━━━━━ Material to process ━━━━━
theorem mainTheorem9:
  fixes V :: "'a set" and E :: "'a set set" and r :: nat
  assumes "simple_hypergraph V E"
    and "uniform r E"
    and "diameter_two V E"
  shows "lambda21 V E \<le> ((r - 1) * max_degree V E) ^ 2"
proof -
  have "finite V"
    using assms(1) by (simp add: simple_hypergraph_def)
  have deg: "\<forall>x\<in>V. card {y\<in>V. hadj E x y} \<le> (r - 1) * max_degree V E"
    using card_hadj_neighbours_le[OF assms(1,2)] by blast
  obtain u v where uv: "u \<in> V" "v \<in> V" "u \<noteq> v" "\<not> hadj E u v"
    and diam: "\<forall>x\<in>V. \<forall>y\<in>V. x = y \<or> hadj E x y \<or> (\<exists>w. hadj E x w \<and> hadj E w y)"
    using assms(3) by (auto simp: diameter_two_def walk_le_2_iff)
  obtain xs where opt: "optimal_ordering (hadj E) V xs"
    using optimal_ordering_exists[OF \<open>finite V\<close>] .
  have xs: "distinct xs" "set xs = V" "xs \<noteq> []"
    using optimal_orderingD(1,2)[OF opt] uv(1) by auto
  obtain f where f: "\<And>k. k < length xs \<Longrightarrow> f (xs ! k) = step_label (hadj E) xs k"
    using obtain_fun_on_nth[OF xs(1), of "step_label (hadj E) xs"] by blast
  have "lambda21 V E \<le> span V f"
    unfolding lambda21_def using L21_colouring_step_label[OF xs(1) f] xs(2)
    by (intro Least_le) auto
  also have "\<dots> = length xs - 1 + adjacent_steps (hadj E) xs"
    using span_step_label[OF xs(1) f xs(3)] xs(2) by simp
  also have "\<dots> \<le> ((r - 1) * max_degree V E) * ((r - 1) * max_degree V E)"
    by (rule optimal_ordering_span_le_square[OF \<open>finite V\<close> hadj_commute
          hadj_in_vertices[OF assms(1)] deg diam uv opt])
  finally show ?thesis
    by (simp add: power2_eq_square)
qed

end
━━━━━
**Task to carry out:**
In the listing, find each line with the string "have" and copy it.

**Your solution:**
  have "finite V"
  have deg: "\<forall>x\<in>V. card {y\<in>V. hadj E x y} \<le> (r - 1) * max_degree V E"
  have xs: "distinct xs" "set xs = V" "xs \<noteq> []"
  have "lambda21 V E \<le> span V f"
  also have "\<dots> = length xs - 1 + adjacent_steps (hadj E) xs"
  also have "\<dots> \<le> ((r - 1) * max_degree V E) * ((r - 1) * max_degree V E)"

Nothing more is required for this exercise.